Repeat every entry in full. Match each line exactly.

(Saved entries)
☆ ☆ ☆ ☆

(* For any i--lattice $L$, ${\rm Con}_{\mathbb{I}}(L)=\{\theta\in{\rm Con}(L): \theta=\theta'\}=\{\theta\vee\theta' : \theta\in{\rm Con}(L)\}=\{\theta\cap\theta' : \theta\in{\rm Con}(L)\}=\{\theta\in{\rm Con}(L): (\forall x\in L)\ ((x/\theta)'=x'/\theta)\}=\{\theta\in{\rm Con}(L): (\forall\gamma\in L/\theta)\ (\gamma'\in L/\theta)\}$.
   Context: An i--lattice is a lattice $L$ with a unary operation $'$ such that $a''=a$ and $a\leq b\Rightarrow b'\leq a'$. ${\rm Con}(L)$ is the lattice of lattice congruences of $L$ (joins $\vee$ taken in ${\rm Con}(L)$); ${\rm Con}_{\mathbb{I}}(L)$ is the set of $\theta\in{\rm Con}(L)$ with $(a,b)\in\theta\Rightarrow(a',b')\in\theta$. For $\theta\subseteq L^2$, $\theta'=\{(a',b'):(a,b)\in\theta\}$; for $M\subseteq L$, $M'=\{x':x\in M\}$; $x/\theta$ is the class of $x$ and $L/\theta$ the set of classes. *)

theory Defs
  imports Main
begin

definition i_lattice :: "('a::lattice \<Rightarrow> 'a) \<Rightarrow> bool" where
  "i_lattice c \<longleftrightarrow> (\<forall>a. c (c a) = a) \<and> (\<forall>a b. a \<le> b \<longrightarrow> c b \<le> c a)"

definition lat_Con :: "('a::lattice) rel set" where
  "lat_Con = {\<theta>. equiv UNIV \<theta> \<and>
     (\<forall>a b c d. (a, b) \<in> \<theta> \<longrightarrow> (c, d) \<in> \<theta> \<longrightarrow>
        (inf a c, inf b d) \<in> \<theta> \<and> (sup a c, sup b d) \<in> \<theta>)}"

definition lat_ConI :: "('a::lattice \<Rightarrow> 'a) \<Rightarrow> 'a rel set" where
  "lat_ConI c = {\<theta> \<in> lat_Con. \<forall>a b. (a, b) \<in> \<theta> \<longrightarrow> (c a, c b) \<in> \<theta>}"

☆ ☆ ☆ ☆

- **FINISHED TASK**
(* For any i--lattice $L$, ${\rm Con}_{\mathbb{I}}(L)=\{\theta\in{\rm Con}(L): \theta=\theta'\}=\{\theta\vee\theta' : \theta\in{\rm Con}(L)\}=\{\theta\cap\theta' : \theta\in{\rm Con}(L)\}=\{\theta\in{\rm Con}(L): (\forall x\in L)\ ((x/\theta)'=x'/\theta)\}=\{\theta\in{\rm Con}(L): (\forall\gamma\in L/\theta)\ (\gamma'\in L/\theta)\}$.
   Context: An i--lattice is a lattice $L$ with a unary operation $'$ such that $a''=a$ and $a\leq b\Rightarrow b'\leq a'$. ${\rm Con}(L)$ is the lattice of lattice congruences of $L$ (joins $\vee$ taken in ${\rm Con}(L)$); ${\rm Con}_{\mathbb{I}}(L)$ is the set of $\theta\in{\rm Con}(L)$ with $(a,b)\in\theta\Rightarrow(a',b')\in\theta$. For $\theta\subseteq L^2$, $\theta'=\{(a',b'):(a,b)\in\theta\}$; for $M\subseteq L$, $M'=\{x':x\in M\}$; $x/\theta$ is the class of $x$ and $L/\theta$ the set of classes. *)

theory Defs
  imports Main
begin

definition i_lattice :: "('a::lattice \<Rightarrow> 'a) \<Rightarrow> bool" where
  "i_lattice c \<longleftrightarrow> (\<forall>a. c (c a) = a) \<and> (\<forall>a b. a \<le> b \<longrightarrow> c b \<le> c a)"

definition lat_Con :: "('a::lattice) rel set" where
  "lat_Con = {\<theta>. equiv UNIV \<theta> \<and>
     (\<forall>a b c d. (a, b) \<in> \<theta> \<longrightarrow> (c, d) \<in> \<theta> \<longrightarrow>
        (inf a c, inf b d) \<in> \<theta> \<and> (sup a c, sup b d) \<in> \<theta>)}"

definition lat_ConI :: "('a::lattice \<Rightarrow> 'a) \<Rightarrow> 'a rel set" where
  "lat_ConI c = {\<theta> \<in> lat_Con. \<forall>a b. (a, b) \<in> \<theta> \<longrightarrow> (c a, c b) \<in> \<theta>}"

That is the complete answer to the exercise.